Again we just take (x, y, z, W) and divide all the terms by W to get (x/W, y/W, z/W, 1) and then we ignore the 1 to go back to 3D coordinates.

In the parallel case dropping the W takes us back to 3D coordinates with Z=0, which really means we now have 2D coordinates on the projection plane.

In the perspective projection case, dividing by W will affect the transformation of the points. Dividing by W (which is -Z) takes us back to the 3D coordinates of (-X/Z, -Y/Z, -1, 1). Dropping the W takes us to the 3D coordinates of (-X/Z, -Y/Z, -1) which positions all of the points onto the Z=-1 projection plane which is what we wanted. Dropping the Z coordinate gives us the 2D location on the Z=-1 plane.

The Second Method

BUT ... there is still the second method where we clip in homogeneous coordinates to be more general

The normalization step (step 2) is slighly different here, as both the parallel and perspective projections need to be normalized into the canonical parallel perspective view volume.

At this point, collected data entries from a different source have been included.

lemma cuts_ge_two: "2 \<le> r n"
  and base_emeasure_pos: "0 < emeasure M (L 0 0)"
  and base_emeasure_finite: "emeasure M (L 0 0) < \<infinity>"
  and level_in_sets: "j < h n \<Longrightarrow> L n j \<in> sets M"
  and emeasure_level_eq_base_div: "j < h n \<Longrightarrow> emeasure M (L n j) = emeasure M (L 0 0) / ennreal (real (\<Prod>i<n. r i))"
  and levels_disjoint: "i < h n \<Longrightarrow> j < h n \<Longrightarrow> i \<noteq> j \<Longrightarrow> L n i \<inter> L n j = {}"
  and level_eq_UN_subcolumns: "j < h n \<Longrightarrow> L n j = (\<Union>k<r n. L (Suc n) (sub_pos r s n k + j))"
  and image_level: "Suc j < h n \<Longrightarrow> T ` L n j = L n (Suc j)"
  and T_bij: "bij_betw T (space M) (space M)"
  and T_inv_measurable: "the_inv_into (space M) T \<in> M \<rightarrow>\<^sub>M M"
  and T_emeasure_vimage: "X \<in> sets M \<Longrightarrow> emeasure M (T -` X \<inter> space M) = emeasure M X"
  using cutting_stacking unfolding cutting_stacking_def by (elim conjE; metis)+

sublocale invertible_measure_preserving M T
  using T_bij T_inv_measurable T_emeasure_vimage by unfold_locales

definition w :: "nat \<Rightarrow> real" where
  "w n = measure M (L 0 0) / real (\<Prod>i<n. r i)"

definition level_correlation :: "nat \<Rightarrow> nat \<Rightarrow> nat \<Rightarrow> nat \<Rightarrow> real" where
  "level_correlation m a b k = measure M (L m a \<inter> (T ^^ k) ` L m b)"

lemma prod_cuts_pos: "0 < real (\<Prod>i<n. r i)"
  using cuts_ge_two by (simp add: prod_pos order.strict_trans2[OF _ cuts_ge_two])

lemma prod_cuts_ge: "2 ^ n \<le> real (\<Prod>i<n. r i)"
proof (induction n)
  case (Suc n)
  have "(2::real) ^ Suc n = 2 * 2 ^ n" by simp
  also have "\<dots> \<le> real (r n) * real (\<Prod>i<n. r i)" using Suc cuts_ge_two[of n] by (intro mult_mono) auto
  finally show ?case by (simp add: mult.commute)
qed simp

lemma base_measure_pos: "0 < measure M (L 0 0)"
  using base_emeasure_pos base_emeasure_finite by (simp add: measure_def enn2real_positive_iff)

lemma w_pos: "0 < w n"
  unfolding w_def using base_measure_pos prod_cuts_pos by simp

lemma emeasure_level: "j < h n \<Longrightarrow> emeasure M (L n j) = ennreal (w n)"
proof -
  assume "j < h n"
  have "emeasure M (L 0 0) = ennreal (measure M (L 0 0))"
    using base_emeasure_finite by (simp add: emeasure_eq_ennreal_measure)
  then show ?thesis
    using emeasure_level_eq_base_div[OF \<open>j < h n\<close>] base_measure_pos prod_cuts_pos unfolding w_def
    by (simp add: divide_ennreal)
qed

lemma level_subset_space: "j < h n \<Longrightarrow> L n j \<subseteq> space M"
  using level_in_sets sets.sets_into_space by blast

lemma level_fmeasurable: "j < h n \<Longrightarrow> L n j \<in> fmeasurable M"
  using level_in_sets emeasure_level by (intro fmeasurableI) auto

lemma measure_level: "j < h n \<Longrightarrow> measure M (L n j) = w n"
  using emeasure_level w_pos[of n] by (simp add: measure_def)

lemma col_height_pos: "0 < h n"
  using cuts_ge_two by (induction n) (auto simp: order.strict_trans2[OF _ cuts_ge_two])

lemma funpow_image_level: "i + j < h n \<Longrightarrow> (T ^^ j) ` L n i = L n (i + j)"
proof (induction j)
  case (Suc j)
  then show ?case using image_level[of "i + j" n] by (simp only: funpow_Suc_image) simp
qed simp

lemma sub_pos_bound: "k < r n \<Longrightarrow> q < h n \<Longrightarrow> sub_pos r s n k + q < h (Suc n)"
proof -
  assume k: "k < r n" and q: "q < h n"
  have "Suc k * h n \<le> r n * h n" using k by (intro mult_le_mono1) simp
  moreover have "(\<Sum>i<k. s n i) \<le> (\<Sum>i<r n. s n i)" using k by (intro sum_mono2) auto
  ultimately show ?thesis using q unfolding sub_pos_def by simp
qed

lemma level_eq_UN_finer_levels: "j \<le> m \<Longrightarrow> i < h j \<Longrightarrow> \<exists>Q \<subseteq> {..<h m}. L j i = (\<Union>q\<in>Q. L m q)"
proof (induction m rule: dec_induct)
  case base
  then show ?case by (intro exI[of _ "{i}"]) auto
next
  case (step m)
  then obtain Q where Q: "Q \<subseteq> {..<h m}" "L j i = (\<Union>q\<in>Q. L m q)" by blast
  define Q' where "Q' = (\<lambda>(k, q). sub_pos r s m k + q) ` ({..<r m} \<times> Q)"
  have "Q' \<subseteq> {..<h (Suc m)}" using Q(1) sub_pos_bound unfolding Q'_def by auto
  moreover have "L j i = (\<Union>q\<in>Q'. L (Suc m) q)"
  proof -
    have "L j i = (\<Union>q\<in>Q. \<Union>k<r m. L (Suc m) (sub_pos r s m k + q))"
      unfolding Q(2) using Q(1) by (intro SUP_cong refl level_eq_UN_subcolumns) auto
    also have "\<dots> = (\<Union>q\<in>Q'. L (Suc m) q)" unfolding Q'_def by auto
    finally show ?thesis .
  qed
  ultimately show ?case by blast
qed

lemma eventually_UN_levels:
  assumes "finite_union_of_levels h L A"
  shows "\<forall>\<^sub>F m in sequentially. \<exists>Q \<subseteq> {..<h m}. A = (\<Union>q\<in>Q. L m q)"
proof -
  obtain F where F: "finite F" "\<forall>p\<in>F. snd p < h (fst p)" "A = (\<Union>p\<in>F. L (fst p) (snd p))"
    using assms unfolding finite_union_of_levels_def by blast
  have "\<forall>\<^sub>F m in sequentially. \<forall>p\<in>F. \<exists>Q \<subseteq> {..<h m}. L (fst p) (snd p) = (\<Union>q\<in>Q. L m q)"
  proof (intro eventually_ball_finite[OF F(1)] ballI)
    fix p assume "p \<in> F"
    then have "\<forall>m\<ge>fst p. \<exists>Q \<subseteq> {..<h m}. L (fst p) (snd p) = (\<Union>q\<in>Q. L m q)"
      using F(2) level_eq_UN_finer_levels by blast
    then show "\<forall>\<^sub>F m in sequentially. \<exists>Q \<subseteq> {..<h m}. L (fst p) (snd p) = (\<Union>q\<in>Q. L m q)"
      unfolding eventually_sequentially by blast
  qed
  then show ?thesis
  proof (rule eventually_mono)
    fix m assume "\<forall>p\<in>F. \<exists>Q \<subseteq> {..<h m}. L (fst p) (snd p) = (\<Union>q\<in>Q. L m q)"
    then obtain Q where "\<forall>p\<in>F. Q p \<subseteq> {..<h m} \<and> L (fst p) (snd p) = (\<Union>q\<in>Q p. L m q)"
      by metis
    then show "\<exists>Q \<subseteq> {..<h m}. A = (\<Union>q\<in>Q. L m q)"
      using F(3) by (intro exI[of _ "\<Union>(Q ` F)"]) auto
  qed
qed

Npar above does this for the parallel case.

Nper' for the perspective case is M * Nper. Nper is the normalization given in step 2. This is the same normalization that needed to be done in step 8 of method one before we could convert to 2D coordinates.

M =

1 0 0 0
0 1 0 0
0 0 1/(1+Zmin) z/(1+Zmin)
0 0 -1 0

Now in both the parallel and perspective cases the clipping routine is the same.

Again we have 6 planes to clip against:

but since W can be positive or negative the region defined by those planes is different depending on W.

2nd method step 4: Then we know all of the points that were in the original view volume are now within the following range:

-1 <= X <= 1
-1 <= Y <= 1
-1 <= Z <= 0

Now we need to map these points into the viewport by moving to the device coordinates.

This involves the following steps:

  1. translate view volume so its corner (-1, -1, -1) is at the origin
  2. scale to match the size of the 3D viewport (which keeps the corner at the origin)
  3. translate the origin to the lower left hand corner of the viewport

Mvv3dv = T(Xviewmin, Yviewmin, Zviewmin) * Svv3dv * T(1, 1, 1)

where
Svv3dv = S( (Xviewmax-Xviewmin)/2, (Yviewmax-Yviewmin)/2, (Zviewmax-Zview.min)/1 )

The new x and new y give us the information we need for the 2D version, but we will also find the new z to be useful for determining occlusion - which we will discuss in a few weeks as z-buffer techniques.

2nd method step 5: Then we divide by W to go from homogeneous to 2D coordinates. In the perspective projection case, dividing by W will affect the transformation of the points.

*** note that the red book has another misprint in this section. The discussion of the translation matrix before equation 6.44 has a spurious not equal to sign.